Ctenothrissiformes is an extinct order of prehistoric acanthomorph ray-finned fish, known from the mid-late Cretaceous of Europe and the Middle East.

==Taxonomy==
- Order Ctenothrissiformes Berg 1937
  - Family †Aulolepidae Patterson, 1964
    - Genus †Aulolepis Agassiz 1836 non Geinitz 1849
      - †A. reussi Geinitz 1849
      - †A. typa Agassiz 1844
    - Genus †Cyclolepis Geinitz 1868 non Gillies ex Don 1832 non Moquin-Tandon 1834
      - †C. agassizi Geinitz 1868
      - †C. stenodina Cockerell 1919
  - Family †Ctenothrissidae Woodward 1901
    - Genus †Heterothrissa Gaudant 1978
      - †Heterothrissa signeuxae Gaudant 1978
    - Genus †Ctenothrissa Woodward 1899
      - †C. enigmatica Gaudant 1978
      - †C. microcephala (Agassiz 1835-1838) [Beryx microcephalus Agassiz 1835-1838]
      - †C. protodorsalis Gaudant 1978
      - †C. radians (Agassiz 1835-1838) [Beryx radians Agassiz 1835-1838]

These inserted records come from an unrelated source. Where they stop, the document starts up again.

lemma cosimple_matroidI:
  assumes "\<And>x y. x \<in> E \<Longrightarrow> y \<in> E \<Longrightarrow> \<exists>K. K \<subseteq> E - {x, y} \<and> I K \<and> card K = matroid_rank E I"
  shows "cosimple_matroid E I"
  unfolding cosimple_matroid_def simple_matroid_def
proof (intro ballI)
  fix x y assume xy: "x \<in> E" "y \<in> E"
  obtain K where K: "K \<subseteq> E - {x, y}" "I K" "card K = matroid_rank E I"
    using assms[OF xy] by blast
  have "basis_of I E K"
    unfolding basis_of_def
  proof (intro conjI ballI notI)
    show "K \<subseteq> E" using K(1) by blast
    show "I K" by (fact K(2))
    fix z assume "z \<in> E - K" "I (insert z K)"
    then show False using indep_card_le_rank[of "insert z K"] K(3) indep_finite[OF K(2)] by simp
  qed
  then show "dual_indep E I {x, y}" unfolding dual_indep_def using K(1) xy by blast
qed

lemma rank_restriction:
  assumes "Z \<subseteq> E" "basis_of I Z C"
  shows "matroid_rank Z (restriction I Z) = card C"
proof -
  interpret Z: finite_matroid Z "restriction I Z"
    using assms(1) by unfold_locales (rule matroid_restriction)
  show ?thesis
    using assms(2) basis_of_card_ge[OF assms(2)] unfolding basis_of_def by (intro Z.rank_eqI) auto
qed

section \<open>Uniformity via spanned sets\<close>

text \<open>The minor \<open>M / C\<close> restricted to \<open>A \<union> L\<close> is \<open>U\<^sub>k\<^sub>,\<^sub>k \<oplus> U\<^sub>0\<^sub>,\<^sub>l\<close>.\<close>
definition minor_witness :: "nat \<Rightarrow> nat \<Rightarrow> 'a set \<Rightarrow> 'a set \<Rightarrow> 'a set \<Rightarrow> bool" where
  "minor_witness k l C A L \<longleftrightarrow> I (C \<union> A) \<and> C \<inter> A = {} \<and> card A = k
     \<and> L \<subseteq> E - (C \<union> A) \<and> card L = l \<and> (\<forall>e\<in>L. \<not> I (insert e C))"

lemma witness_if_has_Ukk_U0l_minor:
  assumes "has_Ukk_U0l_minor E I k l"
  shows "\<exists>C A L. minor_witness k l C A L"
proof -
  obtain C D A L where h: "C \<subseteq> E" "D \<subseteq> E" "C \<inter> D = {}" "A \<inter> L = {}"
    "A \<union> L = E - (C \<union> D)" "card A = k" "card L = l"
    "\<And>X. X \<subseteq> E - (C \<union> D) \<Longrightarrow> minor_indep I C D X \<longleftrightarrow> X \<subseteq> A"
    using assms unfolding has_Ukk_U0l_minor_def by blast
  have "minor_indep I C D A" using h(5,8) by blast
  then obtain B where B: "basis_of I C B" "I (A \<union> B)" unfolding minor_indep_def by auto
  have "\<not> I (insert e B)" if e: "e \<in> L" for e
  proof
    assume "I (insert e B)"
    have e_out: "{e} \<subseteq> E - (C \<union> D)" using e h(5) by blast
    then have "minor_indep I C D {e}" using B(1) \<open>I (insert e B)\<close> unfolding minor_indep_def by auto
    then have "e \<in> A" using h(8)[OF e_out] by blast
    then show False using e h(4) by blast
  qed
  moreover have "B \<subseteq> C" using B(1) unfolding basis_of_def by blast
  ultimately have "minor_witness k l B A L"
    unfolding minor_witness_def using B(2) h(4-7) by (auto simp: Un_commute)
  then show ?thesis by blast
qed

lemma has_Ukk_U0l_minor_if_witness:
  assumes "minor_witness k l C A L"
  shows "has_Ukk_U0l_minor E I k l"
proof -
  have w: "I (C \<union> A)" "C \<inter> A = {}" "card A = k" "L \<subseteq> E - (C \<union> A)" "card L = l"
    "\<forall>e\<in>L. \<not> I (insert e C)"
    using assms unfolding minor_witness_def by auto
  have IC: "I C" using w(1) indep_subset by blast
  have CAE: "C \<union> A \<subseteq> E" using w(1) indep_subset_ground by blast
  define D where "D = E - (C \<union> A \<union> L)"
  have "minor_indep I C D X \<longleftrightarrow> X \<subseteq> A" if X: "X \<subseteq> E - (C \<union> D)" for X
  proof -
    have "minor_indep I C D X \<longleftrightarrow> I (X \<union> C)"
      unfolding minor_indep_def basis_of_indep_iff[OF IC] using X by auto
    also have "\<dots> \<longleftrightarrow> X \<subseteq> A"
    proof
      assume "I (X \<union> C)"
      then have "I (insert e C)" if "e \<in> X" for e using indep_subset that by blast
      then show "X \<subseteq> A" using w(6) X unfolding D_def by blast
    next
      assume "X \<subseteq> A"
      then show "I (X \<union> C)" using w(1) indep_subset by blast
    qed
    finally show ?thesis .
  qed
  moreover have "A \<union> L = E - (C \<union> D)" "A \<inter> L = {}" "C \<subseteq> E" "D \<subseteq> E" "C \<inter> D = {}"
    using w(2,4) CAE unfolding D_def by blast+
  ultimately show ?thesis
    unfolding has_Ukk_U0l_minor_def using w(3,5) by blast
qed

      - †C. signifer Hay 1903
      - †C. vexillifer (Pictet 1850) [Beryx vexillifer Pictet 1850]
  - Family †Pattersonichthyidae Gaudant, 1976
    - †Humilichthys Gaudant, 1978
    - †Pateroperca Woodward, 1942
    - †Pattersonichthys Goody, 1969
    - †Phoenicolepis Gaudant, 1978
During the mid-20th century, it was briefly suspected that the ctenothrissiforms could be a Lazarus taxon that survived to the modern day, based on the discovery of specimens of the deep-sea fish "Macristium", which closely resembled the extinct Ctenothrissa. However, further discoveries of "Macristium" specimens proved that this genus actually represented the larval form of the aulopiform Bathysaurus, refuting the speculation over surviving ctenothrissiforms.

Some authors instead place the families of this order within the Myctophiformes, while others keep Ctenothrissidae and Pattersonichthyidae within the Ctenothrissiformes, but move Aulolepidae to the Myctophiformes, or consider the Pattersonichthyidae to be indeterminate acanthomorphs.